### What is needed
Where does the word "moreover" show up in the records? Copy every line that holds it.

### Records provided
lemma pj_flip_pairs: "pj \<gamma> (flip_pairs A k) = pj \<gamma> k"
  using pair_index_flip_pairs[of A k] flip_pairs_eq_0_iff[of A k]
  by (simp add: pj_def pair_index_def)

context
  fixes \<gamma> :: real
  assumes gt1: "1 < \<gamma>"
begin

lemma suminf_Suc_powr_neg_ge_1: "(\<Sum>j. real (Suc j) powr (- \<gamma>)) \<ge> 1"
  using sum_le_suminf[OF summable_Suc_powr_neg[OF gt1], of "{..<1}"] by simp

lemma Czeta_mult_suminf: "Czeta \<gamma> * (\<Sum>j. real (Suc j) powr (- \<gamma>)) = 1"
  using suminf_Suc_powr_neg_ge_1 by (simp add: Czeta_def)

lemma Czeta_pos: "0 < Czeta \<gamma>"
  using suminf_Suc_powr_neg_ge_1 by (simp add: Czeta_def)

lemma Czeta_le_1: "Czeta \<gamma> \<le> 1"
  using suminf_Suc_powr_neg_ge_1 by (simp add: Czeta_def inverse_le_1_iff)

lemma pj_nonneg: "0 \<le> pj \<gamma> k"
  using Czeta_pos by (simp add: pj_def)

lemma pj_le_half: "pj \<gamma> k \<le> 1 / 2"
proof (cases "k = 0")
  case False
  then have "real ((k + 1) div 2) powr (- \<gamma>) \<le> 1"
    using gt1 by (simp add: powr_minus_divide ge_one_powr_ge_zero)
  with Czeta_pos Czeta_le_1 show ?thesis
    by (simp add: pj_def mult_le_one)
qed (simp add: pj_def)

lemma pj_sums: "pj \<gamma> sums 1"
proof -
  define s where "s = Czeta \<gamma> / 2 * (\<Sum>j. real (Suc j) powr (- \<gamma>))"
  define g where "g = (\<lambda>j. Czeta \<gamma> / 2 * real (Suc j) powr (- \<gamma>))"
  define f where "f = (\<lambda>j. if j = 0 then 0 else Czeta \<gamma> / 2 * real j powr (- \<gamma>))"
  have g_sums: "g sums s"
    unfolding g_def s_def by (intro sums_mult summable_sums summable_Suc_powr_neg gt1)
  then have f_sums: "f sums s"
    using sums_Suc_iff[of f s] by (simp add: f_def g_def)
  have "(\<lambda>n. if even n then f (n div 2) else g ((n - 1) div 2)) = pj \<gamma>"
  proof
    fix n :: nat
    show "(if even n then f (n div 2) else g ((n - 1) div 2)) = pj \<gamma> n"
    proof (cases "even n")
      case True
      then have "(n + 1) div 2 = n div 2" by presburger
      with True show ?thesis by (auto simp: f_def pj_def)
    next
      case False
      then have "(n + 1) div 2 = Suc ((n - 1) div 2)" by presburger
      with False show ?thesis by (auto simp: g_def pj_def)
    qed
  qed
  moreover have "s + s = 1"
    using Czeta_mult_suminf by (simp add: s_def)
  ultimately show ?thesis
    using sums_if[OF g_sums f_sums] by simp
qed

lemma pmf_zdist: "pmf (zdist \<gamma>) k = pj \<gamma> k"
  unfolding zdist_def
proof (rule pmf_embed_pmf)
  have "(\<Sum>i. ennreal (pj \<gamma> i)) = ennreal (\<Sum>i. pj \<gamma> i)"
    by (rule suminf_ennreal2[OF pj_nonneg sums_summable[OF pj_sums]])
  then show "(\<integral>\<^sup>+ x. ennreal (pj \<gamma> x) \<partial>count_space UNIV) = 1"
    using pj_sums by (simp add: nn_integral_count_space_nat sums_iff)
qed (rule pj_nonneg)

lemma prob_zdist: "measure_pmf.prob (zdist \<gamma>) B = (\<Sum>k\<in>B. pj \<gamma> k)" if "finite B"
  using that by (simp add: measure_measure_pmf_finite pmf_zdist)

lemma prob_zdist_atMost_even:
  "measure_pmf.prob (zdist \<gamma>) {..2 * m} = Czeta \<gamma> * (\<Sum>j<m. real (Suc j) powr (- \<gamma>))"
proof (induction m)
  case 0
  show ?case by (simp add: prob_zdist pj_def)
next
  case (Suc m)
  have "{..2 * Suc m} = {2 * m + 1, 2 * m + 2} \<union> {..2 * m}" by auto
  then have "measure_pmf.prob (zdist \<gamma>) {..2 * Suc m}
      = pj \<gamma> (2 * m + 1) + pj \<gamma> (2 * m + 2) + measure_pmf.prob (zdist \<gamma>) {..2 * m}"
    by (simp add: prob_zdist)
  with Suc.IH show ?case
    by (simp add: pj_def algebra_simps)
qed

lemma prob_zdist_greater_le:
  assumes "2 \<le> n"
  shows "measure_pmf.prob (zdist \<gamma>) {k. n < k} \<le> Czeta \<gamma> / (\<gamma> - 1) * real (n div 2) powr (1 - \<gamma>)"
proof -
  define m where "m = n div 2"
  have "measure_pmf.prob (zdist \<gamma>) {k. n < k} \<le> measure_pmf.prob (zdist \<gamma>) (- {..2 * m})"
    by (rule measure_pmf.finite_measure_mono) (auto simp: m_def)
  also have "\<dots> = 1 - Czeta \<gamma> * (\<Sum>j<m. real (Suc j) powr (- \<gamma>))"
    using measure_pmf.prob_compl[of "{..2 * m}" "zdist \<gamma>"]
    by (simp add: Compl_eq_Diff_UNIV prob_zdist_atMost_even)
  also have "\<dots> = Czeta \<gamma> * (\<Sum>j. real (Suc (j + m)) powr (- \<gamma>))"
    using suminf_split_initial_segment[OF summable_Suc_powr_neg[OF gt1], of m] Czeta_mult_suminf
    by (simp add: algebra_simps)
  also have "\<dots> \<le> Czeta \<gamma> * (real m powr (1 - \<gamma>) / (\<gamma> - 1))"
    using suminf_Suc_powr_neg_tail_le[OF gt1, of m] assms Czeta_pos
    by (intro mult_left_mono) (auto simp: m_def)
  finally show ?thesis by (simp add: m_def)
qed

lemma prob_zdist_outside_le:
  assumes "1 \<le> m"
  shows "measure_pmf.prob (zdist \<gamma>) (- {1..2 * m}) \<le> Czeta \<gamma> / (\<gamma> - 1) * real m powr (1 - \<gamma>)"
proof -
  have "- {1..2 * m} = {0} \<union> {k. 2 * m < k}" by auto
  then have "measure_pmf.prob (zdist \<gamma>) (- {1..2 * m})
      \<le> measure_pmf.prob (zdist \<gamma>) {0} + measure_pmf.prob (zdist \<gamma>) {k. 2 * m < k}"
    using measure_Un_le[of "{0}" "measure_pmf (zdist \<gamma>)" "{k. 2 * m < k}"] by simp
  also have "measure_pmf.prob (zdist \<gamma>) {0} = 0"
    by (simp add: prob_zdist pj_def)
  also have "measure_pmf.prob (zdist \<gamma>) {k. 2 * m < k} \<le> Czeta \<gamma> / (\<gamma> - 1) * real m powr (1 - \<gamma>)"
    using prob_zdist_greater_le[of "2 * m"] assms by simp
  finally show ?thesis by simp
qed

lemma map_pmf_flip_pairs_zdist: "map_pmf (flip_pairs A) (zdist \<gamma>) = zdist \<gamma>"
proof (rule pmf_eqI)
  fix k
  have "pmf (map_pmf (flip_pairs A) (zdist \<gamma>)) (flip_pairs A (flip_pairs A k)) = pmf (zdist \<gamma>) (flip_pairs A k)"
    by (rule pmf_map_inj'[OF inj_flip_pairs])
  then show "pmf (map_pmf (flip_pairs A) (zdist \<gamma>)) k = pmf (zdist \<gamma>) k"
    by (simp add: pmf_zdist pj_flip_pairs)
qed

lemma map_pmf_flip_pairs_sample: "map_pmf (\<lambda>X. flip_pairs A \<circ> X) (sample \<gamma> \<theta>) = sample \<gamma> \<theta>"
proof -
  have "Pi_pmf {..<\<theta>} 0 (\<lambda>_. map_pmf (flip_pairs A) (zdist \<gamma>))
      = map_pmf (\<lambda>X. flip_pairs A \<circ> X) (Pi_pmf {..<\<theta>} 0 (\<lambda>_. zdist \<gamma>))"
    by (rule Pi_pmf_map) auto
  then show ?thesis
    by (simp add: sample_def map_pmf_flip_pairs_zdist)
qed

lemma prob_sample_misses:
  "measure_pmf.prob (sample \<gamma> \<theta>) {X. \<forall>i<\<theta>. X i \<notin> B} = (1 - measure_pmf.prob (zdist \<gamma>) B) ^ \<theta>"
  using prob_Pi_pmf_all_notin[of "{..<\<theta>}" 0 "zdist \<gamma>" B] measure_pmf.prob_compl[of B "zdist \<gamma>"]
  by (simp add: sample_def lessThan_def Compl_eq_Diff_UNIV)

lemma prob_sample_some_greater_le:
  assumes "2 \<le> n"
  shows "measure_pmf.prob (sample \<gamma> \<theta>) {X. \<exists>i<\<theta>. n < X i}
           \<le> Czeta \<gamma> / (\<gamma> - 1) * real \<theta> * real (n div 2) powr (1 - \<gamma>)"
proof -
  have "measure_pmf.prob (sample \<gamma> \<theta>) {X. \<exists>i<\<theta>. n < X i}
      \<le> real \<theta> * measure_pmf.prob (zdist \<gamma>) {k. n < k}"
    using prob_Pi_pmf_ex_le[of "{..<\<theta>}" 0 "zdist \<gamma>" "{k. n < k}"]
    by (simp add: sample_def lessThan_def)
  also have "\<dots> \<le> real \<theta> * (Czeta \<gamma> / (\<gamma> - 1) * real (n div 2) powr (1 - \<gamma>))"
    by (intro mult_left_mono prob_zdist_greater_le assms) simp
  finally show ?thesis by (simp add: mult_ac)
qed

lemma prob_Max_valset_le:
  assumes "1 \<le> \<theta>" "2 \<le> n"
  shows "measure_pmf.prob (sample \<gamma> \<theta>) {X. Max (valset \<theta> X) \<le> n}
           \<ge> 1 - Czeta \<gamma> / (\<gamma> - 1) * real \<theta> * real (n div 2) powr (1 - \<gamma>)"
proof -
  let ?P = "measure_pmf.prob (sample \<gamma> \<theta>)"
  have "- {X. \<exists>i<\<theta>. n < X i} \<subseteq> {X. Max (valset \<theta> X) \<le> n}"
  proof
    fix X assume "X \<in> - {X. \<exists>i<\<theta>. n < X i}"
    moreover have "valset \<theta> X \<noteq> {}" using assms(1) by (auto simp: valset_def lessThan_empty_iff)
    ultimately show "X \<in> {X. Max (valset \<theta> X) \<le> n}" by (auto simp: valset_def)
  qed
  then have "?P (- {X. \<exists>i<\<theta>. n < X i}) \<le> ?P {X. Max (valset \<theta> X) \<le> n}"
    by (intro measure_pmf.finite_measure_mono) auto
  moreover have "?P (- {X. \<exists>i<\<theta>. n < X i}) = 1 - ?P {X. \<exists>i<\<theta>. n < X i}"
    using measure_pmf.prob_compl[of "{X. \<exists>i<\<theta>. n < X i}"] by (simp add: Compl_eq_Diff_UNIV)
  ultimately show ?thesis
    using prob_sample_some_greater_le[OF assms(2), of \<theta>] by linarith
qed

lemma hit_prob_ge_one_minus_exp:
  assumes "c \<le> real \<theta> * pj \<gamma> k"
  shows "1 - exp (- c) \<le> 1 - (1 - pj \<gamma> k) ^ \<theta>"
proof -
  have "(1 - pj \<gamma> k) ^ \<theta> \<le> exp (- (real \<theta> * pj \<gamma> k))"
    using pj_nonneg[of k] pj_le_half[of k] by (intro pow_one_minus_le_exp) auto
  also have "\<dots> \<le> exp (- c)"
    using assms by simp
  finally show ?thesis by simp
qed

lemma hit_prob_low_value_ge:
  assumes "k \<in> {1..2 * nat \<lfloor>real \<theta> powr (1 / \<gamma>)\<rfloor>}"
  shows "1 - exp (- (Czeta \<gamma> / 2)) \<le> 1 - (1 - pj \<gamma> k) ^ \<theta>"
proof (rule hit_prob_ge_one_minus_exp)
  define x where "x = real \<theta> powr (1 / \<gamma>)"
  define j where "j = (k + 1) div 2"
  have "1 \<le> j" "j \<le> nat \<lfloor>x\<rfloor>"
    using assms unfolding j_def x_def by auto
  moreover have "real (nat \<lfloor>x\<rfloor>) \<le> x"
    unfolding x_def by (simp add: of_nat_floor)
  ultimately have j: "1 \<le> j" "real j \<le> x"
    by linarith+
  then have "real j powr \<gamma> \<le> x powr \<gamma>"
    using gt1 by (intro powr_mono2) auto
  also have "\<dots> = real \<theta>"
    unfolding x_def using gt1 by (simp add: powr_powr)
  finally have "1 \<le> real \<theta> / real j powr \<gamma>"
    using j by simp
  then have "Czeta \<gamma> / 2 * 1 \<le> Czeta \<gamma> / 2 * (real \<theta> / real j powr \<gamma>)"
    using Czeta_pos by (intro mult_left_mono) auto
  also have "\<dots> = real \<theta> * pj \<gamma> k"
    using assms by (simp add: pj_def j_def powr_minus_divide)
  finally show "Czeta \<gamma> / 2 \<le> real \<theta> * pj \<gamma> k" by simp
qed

### Task answer
  moreover have "s + s = 1"
    moreover have "valset \<theta> X \<noteq> {}" using assms(1) by (auto simp: valset_def lessThan_empty_iff)
  moreover have "?P (- {X. \<exists>i<\<theta>. n < X i}) = 1 - ?P {X. \<exists>i<\<theta>. n < X i}"
  moreover have "real (nat \<lfloor>x\<rfloor>) \<le> x"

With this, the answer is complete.